A ministerial panel headed by Pawar recommended the financial help for the sugar mills.
Talking to reporters after the ministerial group meeting, Pawar said the government wants to encourage production of raw sugar and would provide all necessary support for it.
Other members of the informal group of ministers, set up recently by Prime Minister Manmohan Singh, include Finance Minister P. Chidambaram, Petroleum Minister M. Veerappa Moily and Civil Aviation Minister Ajit Singh.
Pawar said the panel has recommended interest-free loans for five years to help address financial problems of sugar mills.
Besides the interest-free loans, the panel has recommended for other financial assistance also, Pawar said without elaborating.
On mandatory blending of ethanol in gasoline, Pawar said the limit will be increased to 10 percent from the existing 5 percent.
The ministerial panel's recommendations would need to be approved by the cabinet.
The industry body welcomed the panel's recommendations saying it would help sugar mills clear arrears to farmers and sustain production.

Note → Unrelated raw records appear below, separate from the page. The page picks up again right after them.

lemma measure_PiM_insert_eq_integral_slice:
  fixes M :: "'i \<Rightarrow> 'a measure"
  assumes J: "finite J" "k \<notin> J" and M: "\<And>j. prob_space (M j)"
    and A: "A \<in> sets (PiM (insert k J) M)"
  shows "(\<lambda>x. measure (M k) ((\<lambda>y. x(k := y)) -` A \<inter> space (M k))) \<in> borel_measurable (PiM J M)"
    and "measure (PiM (insert k J) M) A
           = (\<integral>x. measure (M k) ((\<lambda>y. x(k := y)) -` A \<inter> space (M k)) \<partial>PiM J M)"
proof -
  interpret product_sigma_finite M
    by (simp add: product_sigma_finite_def prob_space_imp_sigma_finite M)
  interpret prob_space "PiM (insert k J) M"
    by (rule prob_space_PiM) (use M in auto)
  have slice: "measure (M k) ((\<lambda>y. x(k := y)) -` A \<inter> space (M k))
                 = (\<integral>y. indicator A (x(k := y)) \<partial>M k)" for x
    by (simp add: indicator_vimage[symmetric])
  show "(\<lambda>x. measure (M k) ((\<lambda>y. x(k := y)) -` A \<inter> space (M k))) \<in> borel_measurable (PiM J M)"
    unfolding slice
    by (rule sigma_finite_measure.borel_measurable_lebesgue_integral[OF prob_space_imp_sigma_finite[OF M]])
      (use A J in measurable)
  have "integrable (PiM (insert k J) M) (indicator A :: _ \<Rightarrow> real)"
    using A by (intro integrable_real_indicator) (simp_all add: less_top[symmetric])
  then have "measure (PiM (insert k J) M) A = (\<integral>x. (\<integral>y. indicator A (x(k := y)) \<partial>M k) \<partial>PiM J M)"
    using A by (simp add: product_integral_insert[OF J, symmetric] sets.Int_space_eq2)
  then show "measure (PiM (insert k J) M) A
               = (\<integral>x. measure (M k) ((\<lambda>y. x(k := y)) -` A \<inter> space (M k)) \<partial>PiM J M)"
    by (simp add: slice)
qed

"The industry welcomes the initiatives of the central government to help the sugar industry to face the financial crisis it is going through," said Abinash Verma, director general of the Indian Sugar Mills Association (ISMA).
"It will help the industry clear arrears of farmers and also venture into production of new product, raw sugar to diversify its product mix to grab opportunities whenever they are available," he said.
"But for a long-term solution, the revenue sharing formula for cane pricing should be implemented to rationalise the cane pricing mechanism and make it more transparent," Verma added.
Sugar mills have been struggling to sustain operations due to financial difficulties. In fact, private mills in Uttar Pradesh had recently refused to start sugarcane crushing, saying it was not economically viable.
However, most of them have now started operations following government intervention and on hopes of financial help.